Il Centro Studi di Confindustria, analizzando gli scenari economici globali e stimando una eventuale, quanto si spera remota, probabilità di dissoluzione della moneta unica, ha valutato come una tale e nefasta ipotesi causerebbe una perdita compresa tra i sei e nove milioni di posti di lavoro in ognuna delle quattro economie principali dell’Eurozona, Italia inclusa, con fallimento di imprese e Banche e con contrazione del PIL (Prodotto Interno Lordo) tra il 25% e il 50%, oltre ulteriori effetti collaterali. Più realisticamente, la situazione attuale, per quanto riguarda il nostro Paese, origina da un insieme di fattori che non sono solo riconducibili alla crisi economica globale, ma principalmente alla condizione sociopolitica, la quale espone l’Italia a rischi maggiori, pur restando evidente il fatto che nel Paese continui a prevalere ancora un benessere diffuso a fronte di una complessiva mancanza di obiettivi per lo sviluppo e per la crescita.

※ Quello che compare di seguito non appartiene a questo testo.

lemma AE_noise_at_fresh_sample:
  assumes j: "j < N" and b: "b = Inl (q, j) \<or> b = Inr (t, j)"
    and K: "K \<subseteq> sample_indices N" "b \<notin> K"
    and \<phi>: "\<phi> \<in> borel_measurable (PiM K (sample_measure D))"
  shows "AE \<omega> in M. norm (gF j (\<phi> (\<lambda>a\<in>K. samples a \<omega>)) (samples b \<omega>) - gf j (\<phi> (\<lambda>a\<in>K. samples a \<omega>))) \<le> \<sigma>"
proof (rule AE_fresh_coordinate[OF indep, where P = "\<lambda>x s. norm (gF j x s - gf j x) \<le> \<sigma>"])
  show "b \<in> sample_indices N"
    using b j by (auto simp: sample_indices_def)
  have D_b: "sample_measure D b = D j"
    and X: "samples b \<in> measurable M (D j)" "distr M (D j) (samples b) = D j"
    using b Xt_dist[OF j] Xs_dist[OF j] by auto
  show "Measurable.pred (borel \<Otimes>\<^sub>M sample_measure D b) (\<lambda>z. norm (gF j (fst z) (snd z) - gf j (fst z)) \<le> \<sigma>)"
    using gF_measurable[OF j] gf_measurable[OF j] unfolding D_b by measurable
  fix x :: 'a
  have "gF j x \<in> borel_measurable (D j)"
    using measurable_compose[OF measurable_Pair1'[of x borel] gF_measurable[OF j]] by (simp add: o_def)
  then have good: "{s \<in> space (D j). norm (gF j x s - gf j x) \<le> \<sigma>} \<in> sets (D j)"
    by measurable
  have "AE s in distr M (D j) (samples b). norm (gF j x s - gf j x) \<le> \<sigma>"
    unfolding X(2) by (rule noise[OF j])
  then show "AE \<omega> in M. norm (gF j x (samples b \<omega>) - gf j x) \<le> \<sigma>"
    by (rule iffD1[OF AE_distr_iff[OF X(1) good]])
qed (use K \<phi> in auto)

definition xbar :: "nat \<Rightarrow> 'w \<Rightarrow> 'a" where
  "xbar r \<omega> = epi_xbar N I \<eta> \<gamma> gF (\<lambda>q j. Xt q j \<omega>) (\<lambda>t j. Xs t j \<omega>) x0 r"

definition xloc :: "nat \<Rightarrow> nat \<Rightarrow> nat \<Rightarrow> 'w \<Rightarrow> 'a" where
  "xloc r i m \<omega> = epi_loc N I \<eta> \<gamma> gF (\<lambda>q j. Xt q j \<omega>) (\<lambda>t j. Xs t j \<omega>) r (xbar r \<omega>) i m"

definition xbar_of_samples :: "nat \<Rightarrow> ((nat \<times> nat) + (nat \<times> nat) \<Rightarrow> 'b) \<Rightarrow> 'a" where
  "xbar_of_samples r p = epi_xbar N I \<eta> \<gamma> gF (\<lambda>q j. p (Inl (q, j))) (\<lambda>t j. p (Inr (t, j))) x0 r"

definition past_samples :: "nat \<Rightarrow> ((nat \<times> nat) + (nat \<times> nat)) set" where
  "past_samples r = Inl ` ({..<r} \<times> {..<N}) \<union> Inr ` ({..<r * I} \<times> {..<N})"

lemma xbar_of_samples_eq:
  assumes "past_samples r \<subseteq> K"
  shows "xbar_of_samples r (\<lambda>a\<in>K. samples a \<omega>) = xbar r \<omega>"
  unfolding xbar_of_samples_def xbar_def
  using assms by (intro epi_xbar_cong) (auto simp: past_samples_def sample_family_def image_subset_iff)

lemma measurable_xbar_of_samples:
  "past_samples r \<subseteq> K \<Longrightarrow> xbar_of_samples r \<in> borel_measurable (PiM K (sample_measure D))"
  unfolding xbar_of_samples_def
  by (rule measurable_epi_xbar[OF gF_measurable]) (auto simp: past_samples_def)

lemma AE_noise_bounded_at_round_start:
  "AE \<omega> in M. \<forall>j<N. norm (gF j (xbar r \<omega>) (Xt r j \<omega>) - gf j (xbar r \<omega>)) \<le> \<sigma>"
proof -
  have "AE \<omega> in M. \<forall>j\<in>{..<N}. norm (gF j (xbar r \<omega>) (Xt r j \<omega>) - gf j (xbar r \<omega>)) \<le> \<sigma>"
  proof (rule AE_finite_allI)
    fix j assume "j \<in> {..<N}"
    then have "AE \<omega> in M. norm (gF j (xbar_of_samples r (\<lambda>a\<in>past_samples r. samples a \<omega>)) (samples (Inl (r, j)) \<omega>)
                 - gf j (xbar_of_samples r (\<lambda>a\<in>past_samples r. samples a \<omega>))) \<le> \<sigma>"
      by (intro AE_noise_at_fresh_sample measurable_xbar_of_samples)
        (auto simp: past_samples_def sample_indices_def)
    then show "AE \<omega> in M. norm (gF j (xbar r \<omega>) (Xt r j \<omega>) - gf j (xbar r \<omega>)) \<le> \<sigma>"
      unfolding xbar_of_samples_eq[OF order_refl] by (simp add: sample_family_def)
  qed simp
  then show ?thesis by (rule eventually_mono) simp
qed

lemma AE_noise_bounded_along_round:
  assumes i: "i < N"
  shows "AE \<omega> in M. \<forall>m<I. norm (gF i (xloc r i m \<omega>) (Xs (r * I + m) i \<omega>) - gf i (xloc r i m \<omega>)) \<le> \<sigma>"
proof -
  have "AE \<omega> in M. \<forall>m\<in>{..<I}. norm (gF i (xloc r i m \<omega>) (Xs (r * I + m) i \<omega>) - gf i (xloc r i m \<omega>)) \<le> \<sigma>"
  proof (rule AE_finite_allI)
    fix m
    define K where "K = past_samples r \<union> Inl ` ({r} \<times> {..<N}) \<union> Inr ` ({r * I..<r * I + m} \<times> {..<N})"
    define \<phi> where "\<phi> p = epi_loc N I \<eta> \<gamma> gF (\<lambda>q j. p (Inl (q, j))) (\<lambda>t j. p (Inr (t, j))) r
      (xbar_of_samples r p) i m" for p
    have past: "past_samples r \<subseteq> K" by (auto simp: K_def)
    have \<phi>_eq: "\<phi> (\<lambda>a\<in>K. samples a \<omega>) = xloc r i m \<omega>" for \<omega>
      unfolding \<phi>_def xloc_def xbar_of_samples_eq[OF past] using i
      by (intro epi_loc_cong) (auto simp: K_def sample_family_def)
    have "\<phi> \<in> borel_measurable (PiM K (sample_measure D))"
      unfolding \<phi>_def using i
      by (intro measurable_epi_loc[OF gF_measurable] measurable_xbar_of_samples[OF past]) (auto simp: K_def)
    then have "AE \<omega> in M. norm (gF i (\<phi> (\<lambda>a\<in>K. samples a \<omega>)) (samples (Inr (r * I + m, i)) \<omega>)
                 - gf i (\<phi> (\<lambda>a\<in>K. samples a \<omega>))) \<le> \<sigma>"
      using i by (intro AE_noise_at_fresh_sample) (auto simp: K_def past_samples_def sample_indices_def)
    then show "AE \<omega> in M. norm (gF i (xloc r i m \<omega>) (Xs (r * I + m) i \<omega>) - gf i (xloc r i m \<omega>)) \<le> \<sigma>"
      unfolding \<phi>_eq by (simp add: sample_family_def)
  qed simp
  then show ?thesis by (rule eventually_mono) simp
qed

end

theorem lemma1:
  fixes N I :: nat
    and \<eta> \<gamma> L0 L1 \<sigma> \<kappa> \<rho> C :: real
    and f :: "nat \<Rightarrow> 'a::euclidean_space \<Rightarrow> real"
    and gf :: "nat \<Rightarrow> 'a \<Rightarrow> 'a"
    and Hf :: "nat \<Rightarrow> 'a \<Rightarrow> 'a \<Rightarrow> 'a"
    and F :: "nat \<Rightarrow> 'a \<Rightarrow> 'b \<Rightarrow> real"
    and gF :: "nat \<Rightarrow> 'a \<Rightarrow> 'b \<Rightarrow> 'a"
    and D :: "nat \<Rightarrow> 'b measure"
    and M :: "'w measure"
    and Xt :: "nat \<Rightarrow> nat \<Rightarrow> 'w \<Rightarrow> 'b"
    and Xs :: "nat \<Rightarrow> nat \<Rightarrow> 'w \<Rightarrow> 'b"
    and x0 :: 'a
    and r i k :: nat
  assumes N_pos: "N \<ge> 1" and I_pos: "I \<ge> 1"
    and eta_pos: "\<eta> > 0" and gamma_pos: "\<gamma> > 0"
    and L0_nn: "L0 \<ge> 0" and L1_pos: "L1 > 0"
    and sigma_nn: "\<sigma> \<ge> 0" and kappa_nn: "\<kappa> \<ge> 0" and rho_ge: "\<rho> \<ge> 1"
    and D_prob: "\<And>j. j < N \<Longrightarrow> prob_space (D j)"
    \<comment> \<open>F_i(\<cdot>;\<xi>) is differentiable with gradient gF i \<cdot> \<xi>\<close>
    and F_grad: "\<And>j x s. j < N \<Longrightarrow> s \<in> space (D j) \<Longrightarrow>
        ((\<lambda>y. F j y s) has_derivative (\<lambda>h. gF j x s \<bullet> h)) (at x)"
    \<comment> \<open>f_i = E[F_i]\<close>
    and f_def: "\<And>j x. j < N \<Longrightarrow> integrable (D j) (F j x) \<and> f j x = integral\<^sup>L (D j) (F j x)"
    \<comment> \<open>f_i twice differentiable: gradient gf, Hessian Hf\<close>
    and f_grad: "\<And>j x. j < N \<Longrightarrow> (f j has_derivative (\<lambda>h. gf j x \<bullet> h)) (at x)"
    and f_hess: "\<And>j x. j < N \<Longrightarrow> (gf j has_derivative Hf j x) (at x)"
    and smooth: "\<And>j x. j < N \<Longrightarrow> onorm (Hf j x) \<le> L0 + L1 * norm (gf j x)"
    \<comment> \<open>unbiasedness and a.s. bounded noise\<close>
    and unbiased: "\<And>j x. j < N \<Longrightarrow> integrable (D j) (gF j x) \<and> integral\<^sup>L (D j) (gF j x) = gf j x"
    and noise: "\<And>j x. j < N \<Longrightarrow> AE s in D j. norm (gF j x s - gf j x) \<le> \<sigma>"
    \<comment> \<open>heterogeneity, with \<nabla>f = (1/N) \<Sum> \<nabla>f_i\<close>
    and hetero: "\<And>j x. j < N \<Longrightarrow>
        norm (gf j x) \<le> \<kappa> + \<rho> * norm ((1 / real N) *\<^sub>R (\<Sum>l<N. gf l x))"
    \<comment> \<open>sampling: all samples independent, client j samples from D j\<close>
    and M_prob: "prob_space M"
    and Xt_dist: "\<And>q j. j < N \<Longrightarrow> Xt q j \<in> measurable M (D j) \<and> distr M (D j) (Xt q j) = D j"
    and Xs_dist: "\<And>t j. j < N \<Longrightarrow> Xs t j \<in> measurable M (D j) \<and> distr M (D j) (Xs t j) = D j"
    and indep: "prob_space.indep_vars M
        (\<lambda>a. case a of Inl (q, j) \<Rightarrow> D j | Inr (t, j) \<Rightarrow> D j)
        (\<lambda>a \<omega>. case a of Inl (q, j) \<Rightarrow> Xt q j \<omega> | Inr (t, j) \<Rightarrow> Xs t j \<omega>)
        (Inl ` (UNIV \<times> {..<N}) \<union> Inr ` (UNIV \<times> {..<N}))"
    \<comment> \<open>step-size conditions\<close>
    and C_ge: "C \<ge> 1"
    and cond1: "2 * \<eta> * real I * ((1 + exp C - (exp C - 1) / C) * L0
                 + ((exp C - 1) / C) * L1 * \<kappa>
                 + ((exp C - 1) / C) * L1 * \<rho> * (\<sigma> + \<gamma> / \<eta>)) \<le> 1"
    and cond2: "max (2 * \<eta> * real I * (2 * \<sigma> + \<gamma> / \<eta>)) (\<gamma> * real I) \<le> C / L1"
    \<comment> \<open>t = rI + k with t - 1 \<in> I_r, i.e. 1 \<le> k \<le> I\<close>
    and i_lt: "i < N" and k_ge: "1 \<le> k" and k_le: "k \<le> I"
  shows "AE \<omega> in M.
    (let xt = (\<lambda>q j. Xt q j \<omega>); xs = (\<lambda>t j. Xs t j \<omega>);
         xb = epi_xbar N I \<eta> \<gamma> gF xt xs x0 r;
         xit = epi_loc N I \<eta> \<gamma> gF xt xs r xb i k;
         A = (norm (epi_G N gF xt r xb) \<le> \<gamma> / \<eta>)
     in of_bool A * norm (xit - xb) \<le> 2 * \<eta> * real I * (2 * \<sigma> + \<gamma> / \<eta>)
      \<and> of_bool (\<not> A) * norm (xit - xb) \<le> \<gamma> * real I)"
proof -
  interpret episode_sampling M N I \<eta> \<gamma> x0 D Xt Xs gF gf \<sigma>
  proof (intro episode_sampling.intro episode_sampling_axioms.intro M_prob)
    show "(\<lambda>z. gF j (fst z) (snd z)) \<in> borel_measurable (borel \<Otimes>\<^sub>M D j)" if "j < N" for j
      using f_def F_grad that by (intro borel_measurable_pair_of_gradient[of "F j"]) auto
    show "gf j \<in> borel_measurable borel" if "j < N" for j
      using has_derivative_continuous[OF f_hess[OF that]]
      by (intro borel_measurable_continuous_onI) (simp add: continuous_on_eq_continuous_at)
  qed (use Xt_dist Xs_dist indep noise in
      \<open>simp_all add: sample_measure_def sample_family_def sample_indices_def\<close>)
  have C_pos: "C > 0" and rho_nn: "\<rho> \<ge> 0" using C_ge rho_ge by simp_all
  note deviation_bound = norm_epi_loc_diff_le[where gf = gf, OF eta_pos less_imp_le[OF gamma_pos]
      L0_nn L1_pos rho_nn C_pos f_hess[OF i_lt] smooth[OF i_lt] hetero[OF i_lt] cond1
      order.trans[OF max.cobounded1 cond2] i_lt k_le]
  show ?thesis
    by (rule eventually_mono[OF AE_conjI[OF AE_noise_bounded_at_round_start[of r]
          AE_noise_bounded_along_round[OF i_lt, of r]]], unfold Let_def, rule deviation_bound)
      (use k_le in \<open>auto simp: xbar_def xloc_def\<close>)
qed

end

Se, quindi, il governo Monti da una parte ha forzatamente dovuto varare, in prima battuta, una manovra rivolta al controllo dei bilanci e ad acquisire liquidità agendo, ancora una volta, sui meccanismi della tassazione diretta ed indiretta oltre che rivedere il sistema previdenziale, dall’altra sarà chiamato necessariamente ed inderogabilmente a concentrarsi su politiche che mirino alla crescita e allo sviluppo, poiché la mancanza di una tale previsione determinerebbe solo un peggioramento e un’agonia del sistema Paese, che non può più reggere l’urto di manovre correttive a meno che queste non comincino a tagliare severamente la spesa pubblica. Senza sviluppo e crescita non si riuscirà a contenere il debito pubblico in nome del quale i governi continuano a cercare soluzioni senza trovarle.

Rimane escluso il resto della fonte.